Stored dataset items
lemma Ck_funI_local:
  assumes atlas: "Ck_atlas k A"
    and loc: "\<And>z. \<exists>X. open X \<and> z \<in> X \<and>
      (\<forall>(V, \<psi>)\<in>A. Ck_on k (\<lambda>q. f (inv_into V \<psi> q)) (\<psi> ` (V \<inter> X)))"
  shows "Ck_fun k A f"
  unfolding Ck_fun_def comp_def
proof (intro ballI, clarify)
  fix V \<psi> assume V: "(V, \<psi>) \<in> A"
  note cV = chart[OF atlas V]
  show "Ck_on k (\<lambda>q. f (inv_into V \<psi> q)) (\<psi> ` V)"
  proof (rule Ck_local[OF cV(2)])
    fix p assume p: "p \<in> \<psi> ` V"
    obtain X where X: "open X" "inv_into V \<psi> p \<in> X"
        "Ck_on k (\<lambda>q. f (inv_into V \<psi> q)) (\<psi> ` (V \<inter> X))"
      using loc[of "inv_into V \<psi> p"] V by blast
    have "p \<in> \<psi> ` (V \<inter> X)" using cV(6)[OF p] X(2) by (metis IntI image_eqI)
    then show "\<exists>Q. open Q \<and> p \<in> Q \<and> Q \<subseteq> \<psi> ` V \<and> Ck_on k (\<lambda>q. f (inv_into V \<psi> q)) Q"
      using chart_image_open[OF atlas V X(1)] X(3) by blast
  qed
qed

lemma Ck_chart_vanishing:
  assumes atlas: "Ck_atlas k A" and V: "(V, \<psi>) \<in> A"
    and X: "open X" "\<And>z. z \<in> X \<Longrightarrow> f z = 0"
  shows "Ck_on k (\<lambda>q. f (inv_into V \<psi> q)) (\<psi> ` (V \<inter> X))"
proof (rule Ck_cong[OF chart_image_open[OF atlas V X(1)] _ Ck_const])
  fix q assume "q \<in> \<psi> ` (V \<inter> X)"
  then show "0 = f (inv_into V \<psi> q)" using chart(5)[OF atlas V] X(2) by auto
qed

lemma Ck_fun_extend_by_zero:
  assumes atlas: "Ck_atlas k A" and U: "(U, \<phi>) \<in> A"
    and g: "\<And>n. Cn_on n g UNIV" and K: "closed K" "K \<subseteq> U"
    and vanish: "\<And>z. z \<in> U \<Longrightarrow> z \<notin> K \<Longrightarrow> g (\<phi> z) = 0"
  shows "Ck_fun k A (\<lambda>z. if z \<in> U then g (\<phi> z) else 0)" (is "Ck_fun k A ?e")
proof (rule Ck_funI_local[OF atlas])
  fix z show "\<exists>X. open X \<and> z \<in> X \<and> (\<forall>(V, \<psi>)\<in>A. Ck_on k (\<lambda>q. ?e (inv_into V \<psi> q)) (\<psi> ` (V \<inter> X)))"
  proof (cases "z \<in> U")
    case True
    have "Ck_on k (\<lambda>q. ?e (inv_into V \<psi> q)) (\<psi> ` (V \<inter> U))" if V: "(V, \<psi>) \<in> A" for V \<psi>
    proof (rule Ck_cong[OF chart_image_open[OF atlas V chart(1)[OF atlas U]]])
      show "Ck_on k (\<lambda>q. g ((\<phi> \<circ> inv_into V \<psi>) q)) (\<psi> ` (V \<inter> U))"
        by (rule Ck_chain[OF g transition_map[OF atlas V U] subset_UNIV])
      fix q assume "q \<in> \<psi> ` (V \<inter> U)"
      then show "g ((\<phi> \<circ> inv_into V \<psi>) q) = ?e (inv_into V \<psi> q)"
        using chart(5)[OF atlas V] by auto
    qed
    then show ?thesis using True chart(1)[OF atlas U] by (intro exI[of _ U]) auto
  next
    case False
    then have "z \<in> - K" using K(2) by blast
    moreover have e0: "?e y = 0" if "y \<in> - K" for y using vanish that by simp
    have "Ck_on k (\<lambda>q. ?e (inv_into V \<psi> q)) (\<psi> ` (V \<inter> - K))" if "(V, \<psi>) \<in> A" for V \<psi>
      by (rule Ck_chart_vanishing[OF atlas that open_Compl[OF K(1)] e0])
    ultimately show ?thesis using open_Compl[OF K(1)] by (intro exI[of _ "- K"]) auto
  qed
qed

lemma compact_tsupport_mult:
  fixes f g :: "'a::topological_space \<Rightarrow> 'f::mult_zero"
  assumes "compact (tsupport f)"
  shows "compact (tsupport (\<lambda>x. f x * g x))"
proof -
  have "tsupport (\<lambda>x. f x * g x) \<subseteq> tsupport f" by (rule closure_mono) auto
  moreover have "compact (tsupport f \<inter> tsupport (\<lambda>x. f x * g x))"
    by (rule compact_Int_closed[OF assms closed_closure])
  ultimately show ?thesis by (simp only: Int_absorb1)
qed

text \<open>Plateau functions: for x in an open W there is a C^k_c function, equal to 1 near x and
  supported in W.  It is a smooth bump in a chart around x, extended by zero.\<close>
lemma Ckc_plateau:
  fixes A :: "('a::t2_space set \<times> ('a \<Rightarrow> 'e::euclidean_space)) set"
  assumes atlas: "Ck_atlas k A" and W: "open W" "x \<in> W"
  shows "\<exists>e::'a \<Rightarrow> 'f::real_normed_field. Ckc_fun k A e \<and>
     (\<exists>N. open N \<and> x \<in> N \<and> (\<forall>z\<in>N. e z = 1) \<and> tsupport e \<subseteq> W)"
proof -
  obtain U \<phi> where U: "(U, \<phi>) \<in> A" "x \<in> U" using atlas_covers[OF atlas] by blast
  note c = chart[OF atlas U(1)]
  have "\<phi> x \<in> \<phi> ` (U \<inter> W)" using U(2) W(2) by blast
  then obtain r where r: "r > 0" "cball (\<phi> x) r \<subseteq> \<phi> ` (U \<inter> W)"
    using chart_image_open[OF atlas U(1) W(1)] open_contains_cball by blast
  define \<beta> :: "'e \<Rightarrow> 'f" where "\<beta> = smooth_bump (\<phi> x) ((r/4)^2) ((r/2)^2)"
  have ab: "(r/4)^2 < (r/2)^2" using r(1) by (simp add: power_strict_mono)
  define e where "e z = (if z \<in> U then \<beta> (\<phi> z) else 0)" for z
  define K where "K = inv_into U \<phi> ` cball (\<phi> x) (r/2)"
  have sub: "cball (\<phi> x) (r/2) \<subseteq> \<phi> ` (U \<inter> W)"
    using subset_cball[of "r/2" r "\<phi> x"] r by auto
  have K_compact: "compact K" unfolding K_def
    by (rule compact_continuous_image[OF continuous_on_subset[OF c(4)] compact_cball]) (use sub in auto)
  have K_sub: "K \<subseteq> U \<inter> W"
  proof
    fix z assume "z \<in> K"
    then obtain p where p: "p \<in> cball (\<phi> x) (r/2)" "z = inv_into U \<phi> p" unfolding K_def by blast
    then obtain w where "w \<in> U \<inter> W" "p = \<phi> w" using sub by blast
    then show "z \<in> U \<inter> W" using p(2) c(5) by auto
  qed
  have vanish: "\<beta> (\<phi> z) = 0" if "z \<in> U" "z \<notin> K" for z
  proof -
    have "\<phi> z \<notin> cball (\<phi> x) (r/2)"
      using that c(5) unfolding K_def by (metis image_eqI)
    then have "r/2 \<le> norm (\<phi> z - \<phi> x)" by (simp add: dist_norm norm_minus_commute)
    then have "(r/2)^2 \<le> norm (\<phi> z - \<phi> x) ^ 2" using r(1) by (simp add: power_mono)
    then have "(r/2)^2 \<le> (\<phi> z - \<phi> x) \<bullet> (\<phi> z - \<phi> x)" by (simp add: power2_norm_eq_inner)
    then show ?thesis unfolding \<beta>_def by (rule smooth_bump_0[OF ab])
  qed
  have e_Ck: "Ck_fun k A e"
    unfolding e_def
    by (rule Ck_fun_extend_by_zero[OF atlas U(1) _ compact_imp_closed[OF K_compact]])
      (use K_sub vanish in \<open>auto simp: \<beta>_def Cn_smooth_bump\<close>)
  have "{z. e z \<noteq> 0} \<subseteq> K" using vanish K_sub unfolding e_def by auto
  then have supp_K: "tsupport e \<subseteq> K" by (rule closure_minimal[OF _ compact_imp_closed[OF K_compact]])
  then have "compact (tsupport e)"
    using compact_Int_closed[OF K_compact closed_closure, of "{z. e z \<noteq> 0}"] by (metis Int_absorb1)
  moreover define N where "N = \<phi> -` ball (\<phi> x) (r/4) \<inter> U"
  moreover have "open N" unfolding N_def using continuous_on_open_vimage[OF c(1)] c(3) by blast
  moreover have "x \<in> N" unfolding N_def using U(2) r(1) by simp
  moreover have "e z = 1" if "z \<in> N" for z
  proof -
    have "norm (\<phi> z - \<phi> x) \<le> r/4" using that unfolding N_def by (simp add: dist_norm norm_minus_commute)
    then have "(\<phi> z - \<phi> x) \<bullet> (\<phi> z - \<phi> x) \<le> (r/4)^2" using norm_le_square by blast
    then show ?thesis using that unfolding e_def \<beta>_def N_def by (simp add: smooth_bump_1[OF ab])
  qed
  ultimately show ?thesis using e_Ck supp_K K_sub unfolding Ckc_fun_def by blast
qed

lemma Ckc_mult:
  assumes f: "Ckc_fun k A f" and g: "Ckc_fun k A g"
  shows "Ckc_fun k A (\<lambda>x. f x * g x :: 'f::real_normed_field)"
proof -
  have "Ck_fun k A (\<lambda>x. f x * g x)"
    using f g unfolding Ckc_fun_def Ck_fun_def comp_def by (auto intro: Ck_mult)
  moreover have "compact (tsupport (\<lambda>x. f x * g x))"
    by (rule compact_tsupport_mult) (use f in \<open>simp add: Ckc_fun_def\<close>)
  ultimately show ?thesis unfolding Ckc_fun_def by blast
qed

### REQUIRED ACTION
Report every line in the data above in which the word "ultimately" appears.

### WRITTEN ANSWER
    ultimately show ?thesis using open_Compl[OF K(1)] by (intro exI[of _ "- K"]) auto
  ultimately show ?thesis by (simp only: Int_absorb1)
  ultimately show ?thesis using e_Ck supp_K K_sub unfolding Ckc_fun_def by blast
  ultimately show ?thesis unfolding Ckc_fun_def by blast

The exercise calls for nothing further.